Task directions:
Each line of the listing below that includes "gdiff" should be reported.
Extracted records section start
(* Under the hypotheses of the stable-fixed-point theorem (Assumptions (A1), (A2)), let $q^\ast\in\mathbb S^\circ$ satisfy $\nabla\ell(p,q^\ast|x)=\mathbf 1$, and let $$B=-\mathrm{diag}(q^\ast)\,\nabla^2\ell(p,q^\ast|x)=\frac1{2M}\sum_{m=1}^M\sum_{i=1}^I x_{im}\frac{\mathrm{diag}(q^\ast)\,p_{\cdot im}p_{\cdot im}^\top}{\langle q^\ast,p_{\cdot im}\rangle^2}.$$ Then $B$ has nonnegative entries, $\mathbf 1^\top B=\mathbf 1^\top$ (so $B^\top$ is a stochastic matrix), $Bq^\ast=q^\ast$, and all eigenvalues of $B$ are real and lie in $(0,1]$. Consequently the Jacobian $\nabla L(p,q^\ast|x)=E_K-B$ has all eigenvalues in $[0,1)$.
   Context: $\mathbb S^\circ=\{q\in\mathbb R^K: q_k>0,\ \sum_kq_k=1\}$; $p\in\mathbb S_I^{K\times M}$ (each $p_{k\cdot m}=(p_{kim})_i$ a probability vector), $p_{\cdot im}=(p_{kim})_{k=1}^K$; $x\in\{0,1,2\}^{I\times M}$ with $\sum_ix_{im}=2$; $\mathbf 1=(1,\dots,1)^\top$; $E_K$ the identity matrix. $\ell(p,q|x)=\frac1{2M}\sum_m\big(\log\frac{2!}{\prod_ix_{im}!}+\sum_ix_{im}\log\langle q,p_{\cdot im}\rangle\big)$, with gradient $\nabla\ell(p,q|x)=\frac1{2M}\sum_{m,i}x_{im}\frac{p_{\cdot im}}{\langle q,p_{\cdot im}\rangle}$ and Hessian $\nabla^2\ell(p,q|x)=-\frac1{2M}\sum_{m,i}x_{im}\frac{p_{\cdot im}p_{\cdot im}^\top}{\langle q,p_{\cdot im}\rangle^2}$. $L(p,q|x)=\mathrm{diag}(q)\nabla\ell(p,q|x)$, whose Jacobian is $\mathrm{diag}(\nabla\ell(p,q|x))+\mathrm{diag}(q)\nabla^2\ell(p,q|x)$. Assumption (A1): whenever $x_{im}>0$ there is some $k$ with $p_{kim}>0$. Assumption (A2): for every $s\in\mathbb R^K\setminus\{0\}$ with $\langle s,\mathbf 1\rangle=0$ there exist $i,m$ with $x_{im}>0$ and $\langle s,p_{\cdot im}\rangle\neq0$. *)

theory Defs
  imports Complex_Main "Jordan_Normal_Form.Char_Poly"
begin

text \<open>Indices: k in {0..<K} (components), i in {0..<I}, m in {0..<M}.
  p k i m stands for p_{kim}, x i m for x_{im}, q k for q_k.\<close>

definition qdot :: "nat \<Rightarrow> (nat \<Rightarrow> real) \<Rightarrow> (nat \<Rightarrow> nat \<Rightarrow> nat \<Rightarrow> real) \<Rightarrow> nat \<Rightarrow> nat \<Rightarrow> real" where
  "qdot K q p i m = (\<Sum>k<K. q k * p k i m)"
text \<open>Shift (M,delta)[n]: degree-k component is M^(k+n); standard (Koszul) signs:
  differential (-1)^n delta, action a .m = (-1)^(n |a|) a m\<close>
definition shift_mod :: "('r, 'm) gmod \<Rightarrow> int \<Rightarrow> ('r, 'm) gmod" where
  "shift_mod M n = M\<lparr>comp := (\<lambda>k. comp M (k + n)), gdiff := (\<lambda>x. gsign M n (gdiff M x))\<rparr>"

definition shift_act :: "('r, 'm) gmod \<Rightarrow> (int \<Rightarrow> 'a \<Rightarrow> 'm \<Rightarrow> 'm) \<Rightarrow> int \<Rightarrow>
   (int \<Rightarrow> 'a \<Rightarrow> 'm \<Rightarrow> 'm)" where
  "shift_act M act n = (\<lambda>i a x. gsign M (n * i) (act i a x))"

definition sub_mod :: "('r, 'm) gmod \<Rightarrow> (int \<Rightarrow> 'm set) \<Rightarrow> ('r, 'm) gmod" where
  "sub_mod M N = M\<lparr>comp := N\<rparr>"

definition dg_iso ::
  "('r::comm_ring_1, 'a) gmod \<Rightarrow> ('r, 'm) gmod \<Rightarrow> (int \<Rightarrow> 'a \<Rightarrow> 'm \<Rightarrow> 'm) \<Rightarrow>
   ('r, 'n) gmod \<Rightarrow> (int \<Rightarrow> 'a \<Rightarrow> 'n \<Rightarrow> 'n) \<Rightarrow> (int \<Rightarrow> 'm \<Rightarrow> 'n) \<Rightarrow> bool" where
  "dg_iso A M act M' act' f \<longleftrightarrow> (\<forall>k.
     bij_betw (f k) (comp M k) (comp M' k) \<and>
     (\<forall>x\<in>comp M k. \<forall>y\<in>comp M k. f k (gadd M x y) = gadd M' (f k x) (f k y)) \<and>
     (\<forall>r. \<forall>x\<in>comp M k. f k (gsmul M r x) = gsmul M' r (f k x)) \<and>
     (\<forall>i. \<forall>a\<in>comp A i. \<forall>x\<in>comp M k. f (i + k) (act i a x) = act' i a (f k x)) \<and>
     (\<forall>x\<in>comp M k. f (k + 1) (gdiff M x) = gdiff M' (f k x)))"

definition reg_act :: "('a \<Rightarrow> 'a \<Rightarrow> 'a) \<Rightarrow> int \<Rightarrow> 'a \<Rightarrow> 'a \<Rightarrow> 'a" where
  "reg_act mult = (\<lambda>i a b. mult a b)"

definition gsum_list :: "('r, 'a) gmod \<Rightarrow> 'a list \<Rightarrow> 'a" where
  "gsum_list M xs = foldr (gadd M) xs (gzero M)"

definition finite_sum_of_dg_simples ::
  "('r::comm_ring_1, 'a) gmod \<Rightarrow> ('a \<Rightarrow> 'a \<Rightarrow> 'a) \<Rightarrow> 'a \<Rightarrow> bool" where
  "finite_sum_of_dg_simples A mult one \<longleftrightarrow>
    (\<exists>Ns :: (int \<Rightarrow> 'a set) list.
       (\<forall>N\<in>set Ns. dg_submodule A A (reg_act mult) N \<and>
                   dg_simple A mult one (sub_mod A N) (reg_act mult)) \<and>
       (\<forall>k. \<forall>x\<in>comp A k. \<exists>!xs. length xs = length Ns \<and>
            (\<forall>j<length Ns. xs ! j \<in> (Ns ! j) k) \<and> x = gsum_list A xs))"

definition dg_direct_summand ::
  "('r::comm_ring_1, 'a) gmod \<Rightarrow> ('a \<Rightarrow> 'a \<Rightarrow> 'a) \<Rightarrow> (int \<Rightarrow> 'a set) \<Rightarrow> bool" where
  "dg_direct_summand A mult N \<longleftrightarrow> dg_submodule A A (reg_act mult) N \<and>
    (\<exists>N'. dg_submodule A A (reg_act mult) N' \<and>
       (\<forall>k. N k \<inter> N' k = {gzero A} \<and>
            (\<forall>x\<in>comp A k. \<exists>y\<in>N k. \<exists>z\<in>N' k. x = gadd A y z)))"

end

(* A dg-simple module S contains a nonzero cycle z, of degree m say: either some nonzero s is
   a cycle, or d s is. Decomposing 1 = e_1 + ... + e_r along A = N_1 + ... + N_r gives
   z = e_1 z + ... + e_r z, so e_j z is nonzero for some j. Right multiplication b |-> b z is then
   a nonzero map N_j -> S raising degrees by m and commuting with the action and the differentials;
   its kernel and image are dg-submodules, so by dg-simplicity of N_j and S it is bijective.
   Twisted by the sign (-1)^(m k) in degree k it becomes an isomorphism S[m] = N_j, and N_j is a
   direct summand of A, complemented by the sum of the other N_i. *)

theory Submission
  imports Defs
begin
Extracted records section end
Output:
  "shift_mod M n = M\<lparr>comp := (\<lambda>k. comp M (k + n)), gdiff := (\<lambda>x. gsign M n (gdiff M x))\<rparr>"
     (\<forall>x\<in>comp M k. f (k + 1) (gdiff M x) = gdiff M' (f k x)))"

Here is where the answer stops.